After a sumptuous buffet lunch at PINR, the groups switched activities and it was my turn to explore the underwater wonderland. As we set sail on the shallow blue-green waters, we could effortlessly spot blue stars (Linckia laevigata) dotting the lush reef systems. I was determined to make my virgin snorkelling experience nothing short of amazing, but a butt and upper thigh cramp from a subpar giant stride entry left me floundering in the water and missing out the first invertebrate survey inside the MPA. My fellow partners Jacqueline and Abel brought be back to the ladder on the side of the boat and the locals helped me up. Nadia kindly helped me stretch and ease the pain, for she is a very experienced diver. I received loads of assistance and concern, which really touched me deeply.
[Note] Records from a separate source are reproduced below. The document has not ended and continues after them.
lemma exists_cos_gt_inverse:
  fixes c :: real
  assumes "1 < c"
  shows "\<exists>e. 0 < e \<and> e \<le> pi / 4 \<and> 1 < c * cos e"
proof -
  define e where "e = arccos (1 / c) / 2"
  have "0 < 1 / c" "1 / c < 1"
    using assms by simp_all
  then have "0 < arccos (1 / c)" "arccos (1 / c) \<le> pi / 2"
    using arccos_lt_bounded[of "1 / c"] arccos_le_pi2[of "1 / c"] by linarith+
  then have e: "0 < e" "e \<le> pi / 4"
    by (simp_all add: e_def)
  have "-1 \<le> 1 / c" "1 / c \<le> 1"
    using \<open>0 < 1 / c\<close> \<open>1 / c < 1\<close> by linarith+
  then have "1 / c = cos (arccos (1 / c))"
    by (rule cos_arccos[symmetric])
  also have "\<dots> < cos e"
    using e \<open>arccos (1 / c) \<le> pi / 2\<close> by (intro cos_monotone_0_pi) (auto simp: e_def)
  finally have "1 < c * cos e"
    using assms by (simp add: field_simps)
  then show ?thesis
    using e by blast
qed

lemma exists_mult_le_tanh:
  fixes r :: real
  assumes "r < 1"
  shows "\<exists>v>0. r * v \<le> tanh v"
proof (cases "r \<le> 0")
  case True
  then have "r * 1 \<le> tanh 1"
    using tanh_real_nonneg_iff[of 1] by linarith
  then show ?thesis
    using zero_less_one by blast
next
  case False
  define v where "v = - ln r"
  have v: "0 < v" "exp v = 1 / r"
    using False assms by (simp_all add: v_def exp_minus inverse_eq_divide)
  have "r * cosh v \<le> r * exp v"
    using False v(1) by (intro mult_left_mono) (auto simp: cosh_field_def)
  then have "r * v * cosh v \<le> v"
    using v False by (simp add: mult_ac)
  also have "v \<le> sinh v"
    using real_le_x_sinh[of v] v by (simp add: sinh_field_def exp_minus)
  finally have "r * v \<le> tanh v"
    by (simp add: tanh_def field_simps cosh_real_pos)
  then show ?thesis
    using v by blast
qed

lemma sq_ratio_le_sinh_sin_ratio:
  fixes u a b :: real
  assumes "0 \<le> a" "a < b" "b < pi"
  shows "(u ^ 2 + a ^ 2) / (u ^ 2 + b ^ 2) \<le> (sinh u ^ 2 + sin a ^ 2) / (sinh u ^ 2 + sin b ^ 2)"
proof -
  have cross: "a ^ 2 * sin b ^ 2 \<le> b ^ 2 * sin a ^ 2"
  proof (cases "a = 0")
    case False
    then have "sin b / b \<le> sin a / a"
      using assms by (intro sin_div_antimono) auto
    then have "a * sin b \<le> b * sin a"
      using False assms by (simp add: field_simps)
    moreover have "0 \<le> a * sin b"
      using assms by (intro mult_nonneg_nonneg sin_ge_zero) auto
    ultimately have "(a * sin b) ^ 2 \<le> (b * sin a) ^ 2"
      by (intro power_mono) auto
    then show ?thesis
      by (simp add: power_mult_distrib)
  qed simp
  have "u ^ 2 * (sin b ^ 2 - sin a ^ 2) \<le> u ^ 2 * (b ^ 2 - a ^ 2)"
    using assms by (intro mult_left_mono sin_sq_diff_le_sq_diff) auto
  also have "\<dots> \<le> sinh u ^ 2 * (b ^ 2 - a ^ 2)"
    using assms by (intro mult_right_mono sq_le_sinh_sq power_mono) auto
  finally have "(u ^ 2 + a ^ 2) * (sinh u ^ 2 + sin b ^ 2) \<le> (sinh u ^ 2 + sin a ^ 2) * (u ^ 2 + b ^ 2)"
    using cross by (simp add: algebra_simps)
  moreover have "0 < sin b"
    using assms by (intro sin_gt_zero) auto
  then have "0 < sinh u ^ 2 + sin b ^ 2"
    by (simp add: add_nonneg_pos)
  moreover have "0 < u ^ 2 + b ^ 2"
    using assms by (simp add: add_nonneg_pos)
  ultimately show ?thesis
    by (simp add: divide_simps)
qed
theorem lemma2p6:
  fixes n :: nat and F G :: "nat set set" and M :: "nat set"
  assumes "n \<ge> 1"
    and "N_saturated n F"
    and "is_component n F G"
    and "M \<in> F"
    and "\<Union> (minimal_elems G) \<subseteq> M" and "M \<subseteq> \<Inter> (maximal_elems G)"
    and "\<And>M'. M' \<in> F \<Longrightarrow> \<Union> (minimal_elems G) \<subseteq> M' \<Longrightarrow>
              M' \<subseteq> \<Inter> (maximal_elems G) \<Longrightarrow> \<not> M \<subset> M'"
  shows "\<forall>X\<in>G. X \<subseteq> M \<or> M \<subseteq> X"
proof -
  interpret saturated_component n F G M
    using assms(2-7) by unfold_locales
  show ?thesis using comparable_to_M by blast
qed

end
lemma replicate_None_append_eq_iff:
  assumes "None \<notin> set xs" and "None \<notin> set ys"
  shows "replicate a None @ xs = replicate b None @ ys \<longleftrightarrow> a = b \<and> xs = ys"
  using assms
proof (induction a arbitrary: b)
  case 0
  then show ?case by (cases b) auto
next
  case (Suc a)
  then show ?case by (cases b) (auto simp: neq_Nil_conv)
qed

lemma take_Suc_eq_iff:
  assumes "1 \<le> n"
  shows "take (Suc n) xs = take (Suc n) ys \<longleftrightarrow> take n xs = take n ys \<and> take n (tl xs) = take n (tl ys)"
proof -
  obtain m where n: "n = Suc m" using assms by (cases n) auto
  have shorter: "take m as = take m bs" if "take (Suc m) as = take (Suc m) bs" for as bs :: "'a list"
  proof -
    have "take m (take (Suc m) as) = take m (take (Suc m) bs)" using that by simp
    then show ?thesis by simp
  qed
  show ?thesis
    unfolding n by (cases xs; cases ys) (auto dest: shorter)
qed

section \<open>Behaviours\<close>

lemma mem_full_beh_iff:
  assumes "wf_sm Q"
  shows "(mu, nu, xi) \<in> full_beh Q \<longleftrightarrow> xi 0 \<in> X0s Q \<and> (\<forall>k. (xi k, mu k, nu k, xi (Suc k)) \<in> dlt Q)"
  using assms unfolding full_beh_def wf_sm_def by blast

lemma full_beh_dlt: "(mu, nu, xi) \<in> full_beh Q \<Longrightarrow> (xi k, mu k, nu k, xi (Suc k)) \<in> dlt Q"
  unfolding full_beh_def by auto

lemma full_beh_X0s: "(mu, nu, xi) \<in> full_beh Q \<Longrightarrow> xi 0 \<in> X0s Q"
  unfolding full_beh_def by auto

lemma wf_quotQ: "wf_sm Q \<Longrightarrow> wf_sm (quotQ Q l)"
  unfolding wf_sm_def quotQ_def by auto

lemma mem_beh_iff: "w \<in> beh Q \<longleftrightarrow> (\<exists>mu nu xi. (mu, nu, xi) \<in> full_beh Q \<and> w = signal nu)"
  unfolding beh_def by (force simp: signal_def fun_eq_iff)

lemma beh_eq_image: "beh Q = signal ` {nu. \<exists>mu xi. (mu, nu, xi) \<in> full_beh Q}"
  by (rule set_eqI) (auto simp: mem_beh_iff)

lemma Ecs_0_eq:
  "Ecs Q 0 b x = {window nu k (nat (b + 1)) | mu nu xi k. (mu, nu, xi) \<in> full_beh Q \<and> xi k = x}"
proof -
  have restr_eq: "restr (signal nu) (int k) (int k + b) = window nu k (nat (b + 1))"
    for nu :: "nat \<Rightarrow> 'y" and k
    by (rule nth_equalityI) (auto simp: nth_restr signal_def nat_add_distrib)
  have behS_iff: "(w, xi) \<in> behS Q \<longleftrightarrow> (\<exists>mu nu xi'. (mu, nu, xi') \<in> full_beh Q \<and> w = signal nu \<and>
      xi = (\<lambda>k. if k < 0 then None else Some (xi' (nat k))))" for w xi
    unfolding behS_def by (force simp: signal_def fun_eq_iff)
  show ?thesis
  proof (intro set_eqI iffI)
    fix z assume "z \<in> Ecs Q 0 b x"
    then obtain mu nu xi k where "(mu, nu, xi) \<in> full_beh Q" "xi k = x" "z = restr (signal nu) (int k) (int k + b)"
      unfolding Ecs_def behS_iff by auto
    then show "z \<in> {window nu k (nat (b + 1)) | mu nu xi k. (mu, nu, xi) \<in> full_beh Q \<and> xi k = x}"
      by (auto simp: restr_eq)
  next
    fix z assume "z \<in> {window nu k (nat (b + 1)) | mu nu xi k. (mu, nu, xi) \<in> full_beh Q \<and> xi k = x}"
    then obtain mu nu xi k where traj: "(mu, nu, xi) \<in> full_beh Q" and "xi k = x"
      and z: "z = window nu k (nat (b + 1))"
      by blast
    define xi' where "xi' j = (if j < 0 then None else Some (xi (nat j)))" for j
    have "(signal nu, xi') \<in> behS Q"
      unfolding behS_iff xi'_def using traj by blast
    moreover have "xi' (int k) = Some x" using \<open>xi k = x\<close> by (simp add: xi'_def)
    moreover have "z = restr (signal nu) (int k + 0) (int k + b)" using z restr_eq[of nu k] by simp
    ultimately show "z \<in> Ecs Q 0 b x"
      unfolding Ecs_def by blast
  qed
qed

lemma EI_l_l_eq: "EI Q l l x = {window nu k l | mu nu xi k. (mu, nu, xi) \<in> full_beh Q \<and> xi k = x}"
proof -
  have "nat (int l - 1 + 1) = l" by simp
  then show ?thesis
    unfolding EI_def by (simp add: Ecs_0_eq)
qed

definition windows :: "('x, 'u, 'y) sm \<Rightarrow> nat \<Rightarrow> 'y option list set" where
  "windows Q n = {window nu k n | mu nu xi k. (mu, nu, xi) \<in> full_beh Q}"

definition initial_windows :: "('x, 'u, 'y) sm \<Rightarrow> nat \<Rightarrow> 'y option list set" where
  "initial_windows Q n = {window nu 0 n | mu nu xi. (mu, nu, xi) \<in> full_beh Q}"

lemma windows_Suc_eq_Union_Ecs: "windows Q (Suc n) = (\<Union>x. Ecs Q 0 (int n) x)"
proof -
  have "nat (int n + 1) = Suc n" by simp
  then show ?thesis
    unfolding windows_def Ecs_0_eq by auto blast
qed

lemma take_mem_initial_windows: "s \<in> initial_windows Q n \<Longrightarrow> m \<le> n \<Longrightarrow> take m s \<in> initial_windows Q m"
  unfolding initial_windows_def by fastforce
theorem proposition3p2:
  fixes I :: "'i set"
    and G :: "'i \<Rightarrow> ('g, 'b) monoid_scheme"
    and S :: "'i \<Rightarrow> 'g set"
    and N :: "'i \<Rightarrow> 'g set"
    and r :: nat
    and \<delta> :: real
  assumes groups: "\<forall>i\<in>I. group (G i) \<and> finite (carrier (G i))"
    and gens: "\<forall>i\<in>I. symmetric_generating_set (G i) (S i) \<and> card (S i) = r"
    and esp: "esperantist I (\<lambda>i. cayley_vertices (G i)) (\<lambda>i. schreier_adj (G i) (S i)) r"
    and subgrps: "\<forall>i\<in>I. subgroup (N i) (G i)"
    and delta_pos: "\<delta> > 0"
    and index: "\<forall>i\<in>I. ln (2 * real (card (lcosets\<^bsub>G i\<^esub> (N i))))
                        \<ge> \<delta> * ln (2 * real (card (carrier (G i))))"
  shows "esperantist I (\<lambda>i. schreier_vertices (G i) (N i)) (\<lambda>i. schreier_adj (G i) (S i)) r"
proof -
  let ?VC = "\<lambda>i. cayley_vertices (G i)" and ?V = "\<lambda>i. schreier_vertices (G i) (N i)"
    and ?A = "\<lambda>i. schreier_adj (G i) (S i)"
  obtain c a where c: "c > 0" and a: "a \<ge> 0"
    and bound: "\<And>i. i \<in> I \<Longrightarrow> 2 \<le> card (?VC i) \<Longrightarrow>
                  c / ln (2 * real (card (?VC i))) powr a \<le> lambda1 (?VC i) (?A i) r"
    using esp unfolding esperantist_def by blast
  have reg: "regular_graph (?V i) (?A i) r" and conn: "connected_graph (?V i) (?A i)" if i: "i \<in> I" for i
    using schreier_regular[of "G i" "S i" "N i" r] schreier_connected[of "G i" "S i" "N i"]
      groups gens subgrps esp i unfolding esperantist_def by auto
  have idx: "\<delta> * ln (2 * real (card (?VC i))) \<le> ln (2 * real (card (?V i)))" if "i \<in> I" for i
    using index that card_cayley_vertices[of "G i"] groups unfolding schreier_vertices_def by simp
  have "finite {i \<in> I. card (?V i) \<le> n}" for n
  proof (rule finite_sublevels_transfer[OF delta_pos _ _ idx])
    show "finite {i \<in> I. card (?VC i) \<le> m}" for m using esp unfolding esperantist_def by blast
    show "1 \<le> card (?V i)" if "i \<in> I" for i
      using reg[OF that] unfolding regular_graph_def by (simp add: Suc_le_eq card_gt_0_iff)
  qed
  moreover have "c * \<delta> powr a / ln (2 * real (card (?V i))) powr a \<le> lambda1 (?V i) (?A i) r"
    if i: "i \<in> I" and card2: "2 \<le> card (?V i)" for i
  proof -
    have "card (?V i) \<le> card (?VC i)"
      using card_schreier_vertices_le card_cayley_vertices groups i by metis
    hence "c * \<delta> powr a / ln (2 * real (card (?V i))) powr a \<le> lambda1 (?VC i) (?A i) r"
      using log_power_bound_transfer[OF delta_pos c a _ idx[OF i]] bound[OF i] card2 by force
    also have "\<dots> \<le> lambda1 (?V i) (?A i) r"
      using schreier_lambda1_ge_cayley[OF _ _ _ _ _ conn[OF i] card2] groups gens subgrps i by blast
    finally show ?thesis .
  qed
  moreover have "c * \<delta> powr a > 0" using c delta_pos by simp
  ultimately show ?thesis unfolding esperantist_def using reg conn a by blast
qed

end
I re-entered the waters without retrying the giant stride entry, but using the ladder once more. I still got to snorkel the vibrant reefs after re-joining my teammates. Herded by the currents from my flapping fins, tiny schools of fishes swam beneath me for quite some distance, darting around their shoal mates. I also spotted a few pipefishes (family Syngnathidae) which Jacqueline Chua initially thought were seahorses, as well as one of many crown-of-thorns (Acanthaster planci). I found it hard to observe anything initially, due to the bobbing from the waves, but I slowly adjusted and could see a lot more. I was particularly pleased to have spotted a crown-of-thorns and to have been able to show them to Dr Coleman and Jacqueline, both of which are experienced divers. As corallivores, higher numbers of crown-of-thorns (based on combined data) may indicate poorer reef quality outside the MPA because the corals are under high predatory pressure. The same goes for the numerous sea urchins outside the MPA, which suggest higher algal cover on those reefs, in turn implying reduced photosynthesis by corals beneath. There were also giant clams (Tridacna gigas), sea cucumbers (class Holothuroidea) amongst the humongous yet fragile corals teeming with life. On the way back to shallower waters, I also found a small jellyfish Dr Coleman helped to photograph with her waterproof camera.

Despite my desperate search in ICM for waterproofing housing for my DSLR or minimally my phone, I couldn’t find any. Hence, I was so upset with missing out all the potentially good shots. Nevertheless, I was still upbeat as I will surely have more snorkelling experiences in the future, since the virgin experience was so AMAZING!